> **TASK BRIEF**
Gather every line of the entries that includes the word "thesis".

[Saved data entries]
▬▬▬▬▬▬

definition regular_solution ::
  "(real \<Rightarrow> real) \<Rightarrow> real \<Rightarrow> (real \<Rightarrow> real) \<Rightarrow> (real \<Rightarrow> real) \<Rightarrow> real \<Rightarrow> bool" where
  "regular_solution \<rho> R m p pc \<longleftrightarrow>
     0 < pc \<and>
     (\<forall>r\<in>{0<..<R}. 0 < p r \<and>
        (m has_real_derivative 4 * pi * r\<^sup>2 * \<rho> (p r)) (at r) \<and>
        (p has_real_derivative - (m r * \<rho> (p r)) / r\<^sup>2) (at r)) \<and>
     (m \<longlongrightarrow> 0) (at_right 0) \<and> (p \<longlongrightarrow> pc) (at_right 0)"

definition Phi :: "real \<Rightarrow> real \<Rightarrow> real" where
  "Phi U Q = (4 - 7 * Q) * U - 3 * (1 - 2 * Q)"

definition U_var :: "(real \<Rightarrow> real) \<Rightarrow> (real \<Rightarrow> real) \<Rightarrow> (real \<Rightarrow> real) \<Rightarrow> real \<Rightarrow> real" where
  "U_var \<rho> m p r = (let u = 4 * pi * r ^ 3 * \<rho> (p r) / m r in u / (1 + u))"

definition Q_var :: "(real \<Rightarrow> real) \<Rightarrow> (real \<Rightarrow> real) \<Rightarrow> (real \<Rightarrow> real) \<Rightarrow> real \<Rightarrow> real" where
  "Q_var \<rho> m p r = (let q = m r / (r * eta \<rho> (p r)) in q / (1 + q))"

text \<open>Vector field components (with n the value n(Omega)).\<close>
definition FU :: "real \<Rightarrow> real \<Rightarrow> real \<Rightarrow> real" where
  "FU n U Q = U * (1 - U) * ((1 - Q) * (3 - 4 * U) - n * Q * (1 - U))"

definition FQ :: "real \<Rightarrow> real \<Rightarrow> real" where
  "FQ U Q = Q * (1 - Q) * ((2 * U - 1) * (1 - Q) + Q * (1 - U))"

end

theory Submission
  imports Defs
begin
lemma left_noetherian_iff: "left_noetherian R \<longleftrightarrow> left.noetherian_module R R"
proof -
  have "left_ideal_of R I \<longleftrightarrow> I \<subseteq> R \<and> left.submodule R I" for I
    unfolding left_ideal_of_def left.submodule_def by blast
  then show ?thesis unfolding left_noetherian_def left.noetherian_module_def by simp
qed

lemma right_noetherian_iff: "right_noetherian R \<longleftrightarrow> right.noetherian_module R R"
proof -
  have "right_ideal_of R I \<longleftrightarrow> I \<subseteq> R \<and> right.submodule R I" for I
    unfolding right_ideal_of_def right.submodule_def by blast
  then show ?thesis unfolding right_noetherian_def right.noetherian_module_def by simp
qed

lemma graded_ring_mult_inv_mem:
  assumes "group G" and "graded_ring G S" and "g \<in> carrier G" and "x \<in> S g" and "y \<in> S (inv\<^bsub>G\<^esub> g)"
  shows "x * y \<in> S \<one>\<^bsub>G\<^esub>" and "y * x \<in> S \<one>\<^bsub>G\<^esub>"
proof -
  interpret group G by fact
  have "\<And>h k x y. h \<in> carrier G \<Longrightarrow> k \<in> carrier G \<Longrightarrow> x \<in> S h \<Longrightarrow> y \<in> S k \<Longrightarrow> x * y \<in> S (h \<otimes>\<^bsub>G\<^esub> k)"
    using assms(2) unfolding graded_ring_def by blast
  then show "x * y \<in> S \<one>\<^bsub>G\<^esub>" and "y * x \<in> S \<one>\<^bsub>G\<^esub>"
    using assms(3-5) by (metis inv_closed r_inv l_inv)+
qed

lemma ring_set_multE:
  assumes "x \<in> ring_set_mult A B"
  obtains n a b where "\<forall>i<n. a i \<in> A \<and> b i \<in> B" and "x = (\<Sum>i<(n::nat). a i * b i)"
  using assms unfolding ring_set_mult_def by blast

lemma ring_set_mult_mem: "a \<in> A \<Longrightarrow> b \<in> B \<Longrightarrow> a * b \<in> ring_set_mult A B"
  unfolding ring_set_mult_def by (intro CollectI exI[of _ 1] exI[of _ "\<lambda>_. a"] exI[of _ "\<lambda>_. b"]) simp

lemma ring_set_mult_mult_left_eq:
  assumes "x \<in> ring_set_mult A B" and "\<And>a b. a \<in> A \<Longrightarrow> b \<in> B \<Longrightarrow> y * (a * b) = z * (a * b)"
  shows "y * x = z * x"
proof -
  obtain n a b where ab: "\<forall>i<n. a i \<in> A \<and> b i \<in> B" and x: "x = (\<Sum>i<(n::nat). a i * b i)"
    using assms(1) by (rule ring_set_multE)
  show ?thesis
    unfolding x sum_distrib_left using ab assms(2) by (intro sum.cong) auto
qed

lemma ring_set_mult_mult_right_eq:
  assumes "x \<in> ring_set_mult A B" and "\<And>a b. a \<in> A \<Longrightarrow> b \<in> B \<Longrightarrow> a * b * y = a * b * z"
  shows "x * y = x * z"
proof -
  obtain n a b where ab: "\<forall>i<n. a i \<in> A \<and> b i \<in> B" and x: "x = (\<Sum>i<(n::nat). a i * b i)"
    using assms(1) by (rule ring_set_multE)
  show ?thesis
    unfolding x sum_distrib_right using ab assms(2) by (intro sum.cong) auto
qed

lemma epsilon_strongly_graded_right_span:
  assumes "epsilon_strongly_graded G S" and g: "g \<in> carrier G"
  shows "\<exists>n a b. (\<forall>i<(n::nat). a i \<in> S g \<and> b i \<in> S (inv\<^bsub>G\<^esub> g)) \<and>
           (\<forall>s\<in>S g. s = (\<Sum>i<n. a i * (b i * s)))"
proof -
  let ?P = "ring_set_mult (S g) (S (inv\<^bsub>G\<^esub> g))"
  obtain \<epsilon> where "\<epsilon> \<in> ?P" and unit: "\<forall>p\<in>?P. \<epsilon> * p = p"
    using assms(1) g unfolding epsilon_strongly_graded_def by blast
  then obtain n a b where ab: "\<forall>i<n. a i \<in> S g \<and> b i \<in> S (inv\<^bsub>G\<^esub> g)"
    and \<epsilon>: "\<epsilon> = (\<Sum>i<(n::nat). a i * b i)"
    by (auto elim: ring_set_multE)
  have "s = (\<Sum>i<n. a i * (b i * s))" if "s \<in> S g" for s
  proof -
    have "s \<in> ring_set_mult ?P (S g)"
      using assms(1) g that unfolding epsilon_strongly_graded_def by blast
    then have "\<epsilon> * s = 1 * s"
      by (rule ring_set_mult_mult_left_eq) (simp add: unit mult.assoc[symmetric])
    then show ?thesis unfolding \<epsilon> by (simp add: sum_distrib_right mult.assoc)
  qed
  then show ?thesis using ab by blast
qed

▬▬▬▬▬▬

> **ANSWER SECTION**
  then show ?thesis unfolding left_noetherian_def left.noetherian_module_def by simp
  then show ?thesis unfolding right_noetherian_def right.noetherian_module_def by simp
  show ?thesis
  show ?thesis
    then show ?thesis unfolding \<epsilon> by (simp add: sum_distrib_right mult.assoc)
  then show ?thesis using ab by blast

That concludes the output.